### [EXERCISE GOAL]
Beginning with the opening line, restate the following material exactly, up through the line that contains "real) \<Rightarrow> ('a".

§

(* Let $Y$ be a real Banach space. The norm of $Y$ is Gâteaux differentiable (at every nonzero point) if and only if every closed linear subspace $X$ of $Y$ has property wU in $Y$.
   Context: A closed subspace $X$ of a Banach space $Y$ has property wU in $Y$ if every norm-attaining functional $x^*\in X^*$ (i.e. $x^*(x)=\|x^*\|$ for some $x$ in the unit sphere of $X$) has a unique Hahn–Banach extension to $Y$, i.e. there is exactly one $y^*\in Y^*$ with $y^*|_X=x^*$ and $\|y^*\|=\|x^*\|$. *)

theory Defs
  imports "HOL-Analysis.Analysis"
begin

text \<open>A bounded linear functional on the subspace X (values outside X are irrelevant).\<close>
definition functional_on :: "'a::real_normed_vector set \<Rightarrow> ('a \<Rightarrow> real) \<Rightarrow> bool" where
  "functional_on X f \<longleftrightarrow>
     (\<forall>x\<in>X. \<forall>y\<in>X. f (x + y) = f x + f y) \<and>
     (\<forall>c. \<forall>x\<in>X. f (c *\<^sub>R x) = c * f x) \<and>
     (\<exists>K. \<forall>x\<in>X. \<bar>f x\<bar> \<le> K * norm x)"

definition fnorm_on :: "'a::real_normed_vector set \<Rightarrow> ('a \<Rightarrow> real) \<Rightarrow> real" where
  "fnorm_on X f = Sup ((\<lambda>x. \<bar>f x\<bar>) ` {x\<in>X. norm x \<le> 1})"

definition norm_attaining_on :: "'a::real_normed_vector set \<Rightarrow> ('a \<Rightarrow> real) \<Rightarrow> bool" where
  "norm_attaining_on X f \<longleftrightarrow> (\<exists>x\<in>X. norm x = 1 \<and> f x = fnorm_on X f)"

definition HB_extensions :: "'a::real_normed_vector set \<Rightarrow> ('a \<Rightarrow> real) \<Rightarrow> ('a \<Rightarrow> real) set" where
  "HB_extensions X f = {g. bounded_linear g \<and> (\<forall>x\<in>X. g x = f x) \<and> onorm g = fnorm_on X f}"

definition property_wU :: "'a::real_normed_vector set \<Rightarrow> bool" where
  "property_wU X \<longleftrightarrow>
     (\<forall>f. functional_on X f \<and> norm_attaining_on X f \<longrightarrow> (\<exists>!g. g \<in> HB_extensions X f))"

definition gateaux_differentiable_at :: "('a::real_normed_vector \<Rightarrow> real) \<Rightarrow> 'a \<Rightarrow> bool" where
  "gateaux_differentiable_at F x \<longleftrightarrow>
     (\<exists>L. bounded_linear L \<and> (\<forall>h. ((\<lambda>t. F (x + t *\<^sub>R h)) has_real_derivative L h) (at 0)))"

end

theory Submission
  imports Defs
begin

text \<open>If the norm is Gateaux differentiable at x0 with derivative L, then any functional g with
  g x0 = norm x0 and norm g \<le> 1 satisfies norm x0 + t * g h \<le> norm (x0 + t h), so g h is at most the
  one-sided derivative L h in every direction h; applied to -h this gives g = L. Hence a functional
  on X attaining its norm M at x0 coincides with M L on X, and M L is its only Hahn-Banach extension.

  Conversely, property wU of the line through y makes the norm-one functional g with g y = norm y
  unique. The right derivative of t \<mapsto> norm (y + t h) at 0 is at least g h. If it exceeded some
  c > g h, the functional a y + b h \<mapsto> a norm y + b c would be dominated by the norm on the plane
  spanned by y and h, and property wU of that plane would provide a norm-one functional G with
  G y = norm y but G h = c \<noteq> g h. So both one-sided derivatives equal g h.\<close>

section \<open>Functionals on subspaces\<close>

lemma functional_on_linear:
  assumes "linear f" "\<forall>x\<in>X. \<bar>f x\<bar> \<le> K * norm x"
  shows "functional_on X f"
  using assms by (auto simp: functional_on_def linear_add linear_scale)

§

### [REPLY TO THE TASK]
(* Let $Y$ be a real Banach space. The norm of $Y$ is Gâteaux differentiable (at every nonzero point) if and only if every closed linear subspace $X$ of $Y$ has property wU in $Y$.
   Context: A closed subspace $X$ of a Banach space $Y$ has property wU in $Y$ if every norm-attaining functional $x^*\in X^*$ (i.e. $x^*(x)=\|x^*\|$ for some $x$ in the unit sphere of $X$) has a unique Hahn–Banach extension to $Y$, i.e. there is exactly one $y^*\in Y^*$ with $y^*|_X=x^*$ and $\|y^*\|=\|x^*\|$. *)

theory Defs
  imports "HOL-Analysis.Analysis"
begin

text \<open>A bounded linear functional on the subspace X (values outside X are irrelevant).\<close>
definition functional_on :: "'a::real_normed_vector set \<Rightarrow> ('a \<Rightarrow> real) \<Rightarrow> bool" where
  "functional_on X f \<longleftrightarrow>
     (\<forall>x\<in>X. \<forall>y\<in>X. f (x + y) = f x + f y) \<and>
     (\<forall>c. \<forall>x\<in>X. f (c *\<^sub>R x) = c * f x) \<and>
     (\<exists>K. \<forall>x\<in>X. \<bar>f x\<bar> \<le> K * norm x)"

definition fnorm_on :: "'a::real_normed_vector set \<Rightarrow> ('a \<Rightarrow> real) \<Rightarrow> real" where
  "fnorm_on X f = Sup ((\<lambda>x. \<bar>f x\<bar>) ` {x\<in>X. norm x \<le> 1})"

definition norm_attaining_on :: "'a::real_normed_vector set \<Rightarrow> ('a \<Rightarrow> real) \<Rightarrow> bool" where
  "norm_attaining_on X f \<longleftrightarrow> (\<exists>x\<in>X. norm x = 1 \<and> f x = fnorm_on X f)"

definition HB_extensions :: "'a::real_normed_vector set \<Rightarrow> ('a \<Rightarrow> real) \<Rightarrow> ('a \<Rightarrow> real) set" where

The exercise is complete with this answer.